== EXERCISE OBJECTIVE ==
Of all the entries below, only the lines from the one with "(\<forall>v<n. \<forall>u. par" up to and including the one with "v))\<^sup>2) = (\<Sum>v\<in>V." are to be duplicated exactly.

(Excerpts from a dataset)
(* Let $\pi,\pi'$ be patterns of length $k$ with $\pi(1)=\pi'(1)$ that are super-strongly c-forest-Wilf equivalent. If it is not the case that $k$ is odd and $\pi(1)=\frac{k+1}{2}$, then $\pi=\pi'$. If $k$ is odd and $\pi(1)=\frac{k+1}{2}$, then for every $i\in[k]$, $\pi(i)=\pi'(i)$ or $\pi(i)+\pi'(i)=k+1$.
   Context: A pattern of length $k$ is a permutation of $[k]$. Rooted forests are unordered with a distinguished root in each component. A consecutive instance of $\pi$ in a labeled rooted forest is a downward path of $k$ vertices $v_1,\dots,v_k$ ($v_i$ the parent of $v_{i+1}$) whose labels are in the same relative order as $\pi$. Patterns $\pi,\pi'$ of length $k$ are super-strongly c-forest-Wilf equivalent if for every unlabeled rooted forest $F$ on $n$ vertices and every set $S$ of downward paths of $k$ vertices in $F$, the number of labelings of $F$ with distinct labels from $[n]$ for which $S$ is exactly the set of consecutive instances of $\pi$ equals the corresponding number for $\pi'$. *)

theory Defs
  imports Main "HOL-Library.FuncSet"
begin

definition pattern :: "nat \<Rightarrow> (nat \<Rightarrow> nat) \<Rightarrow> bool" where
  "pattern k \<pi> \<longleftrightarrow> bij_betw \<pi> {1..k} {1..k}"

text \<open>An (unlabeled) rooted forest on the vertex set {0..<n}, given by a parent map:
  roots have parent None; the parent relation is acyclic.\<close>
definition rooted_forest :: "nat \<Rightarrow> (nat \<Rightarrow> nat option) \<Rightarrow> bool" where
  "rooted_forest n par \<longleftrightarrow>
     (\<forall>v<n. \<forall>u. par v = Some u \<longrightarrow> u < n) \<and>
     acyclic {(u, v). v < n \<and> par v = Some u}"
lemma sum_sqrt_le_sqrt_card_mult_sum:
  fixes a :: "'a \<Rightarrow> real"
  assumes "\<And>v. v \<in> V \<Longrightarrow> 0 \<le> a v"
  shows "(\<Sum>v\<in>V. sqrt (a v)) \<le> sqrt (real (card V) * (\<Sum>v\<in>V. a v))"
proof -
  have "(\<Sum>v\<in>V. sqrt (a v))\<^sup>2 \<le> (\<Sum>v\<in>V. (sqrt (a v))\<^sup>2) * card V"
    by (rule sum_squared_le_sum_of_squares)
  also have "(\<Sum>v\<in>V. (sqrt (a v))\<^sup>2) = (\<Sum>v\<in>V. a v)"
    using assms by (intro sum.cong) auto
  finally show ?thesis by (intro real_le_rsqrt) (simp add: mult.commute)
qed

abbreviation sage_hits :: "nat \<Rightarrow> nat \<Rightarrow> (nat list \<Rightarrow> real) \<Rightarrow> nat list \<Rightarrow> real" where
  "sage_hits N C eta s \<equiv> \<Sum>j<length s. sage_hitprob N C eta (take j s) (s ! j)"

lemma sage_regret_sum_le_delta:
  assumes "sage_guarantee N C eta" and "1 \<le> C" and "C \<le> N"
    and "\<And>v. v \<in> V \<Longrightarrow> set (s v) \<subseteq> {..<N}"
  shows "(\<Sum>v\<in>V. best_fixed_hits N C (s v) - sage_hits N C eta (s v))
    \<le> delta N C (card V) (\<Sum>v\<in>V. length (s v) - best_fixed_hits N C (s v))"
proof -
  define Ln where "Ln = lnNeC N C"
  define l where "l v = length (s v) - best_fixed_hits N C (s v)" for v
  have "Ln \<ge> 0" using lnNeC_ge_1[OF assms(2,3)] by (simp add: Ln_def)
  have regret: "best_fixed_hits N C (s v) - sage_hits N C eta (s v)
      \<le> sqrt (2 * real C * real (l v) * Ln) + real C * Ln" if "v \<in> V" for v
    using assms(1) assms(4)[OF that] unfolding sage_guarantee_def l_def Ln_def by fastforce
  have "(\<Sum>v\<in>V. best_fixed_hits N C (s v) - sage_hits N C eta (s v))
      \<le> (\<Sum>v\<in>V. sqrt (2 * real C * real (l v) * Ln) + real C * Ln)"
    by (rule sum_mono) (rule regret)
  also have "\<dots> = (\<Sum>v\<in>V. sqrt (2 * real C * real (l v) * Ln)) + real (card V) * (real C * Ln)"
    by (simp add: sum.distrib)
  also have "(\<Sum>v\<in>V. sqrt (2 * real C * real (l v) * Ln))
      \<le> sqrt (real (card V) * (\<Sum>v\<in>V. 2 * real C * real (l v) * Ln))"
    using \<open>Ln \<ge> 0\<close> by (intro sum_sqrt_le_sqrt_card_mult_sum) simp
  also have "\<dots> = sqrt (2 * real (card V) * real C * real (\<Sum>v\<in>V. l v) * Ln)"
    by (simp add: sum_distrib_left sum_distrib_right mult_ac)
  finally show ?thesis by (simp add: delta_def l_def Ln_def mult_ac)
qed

== WRITTEN SOLUTION ==
     (\<forall>v<n. \<forall>u. par v = Some u \<longrightarrow> u < n) \<and>
     acyclic {(u, v). v < n \<and> par v = Some u}"
lemma sum_sqrt_le_sqrt_card_mult_sum:
  fixes a :: "'a \<Rightarrow> real"
  assumes "\<And>v. v \<in> V \<Longrightarrow> 0 \<le> a v"
  shows "(\<Sum>v\<in>V. sqrt (a v)) \<le> sqrt (real (card V) * (\<Sum>v\<in>V. a v))"
proof -
  have "(\<Sum>v\<in>V. sqrt (a v))\<^sup>2 \<le> (\<Sum>v\<in>V. (sqrt (a v))\<^sup>2) * card V"
    by (rule sum_squared_le_sum_of_squares)
  also have "(\<Sum>v\<in>V. (sqrt (a v))\<^sup>2) = (\<Sum>v\<in>V. a v)"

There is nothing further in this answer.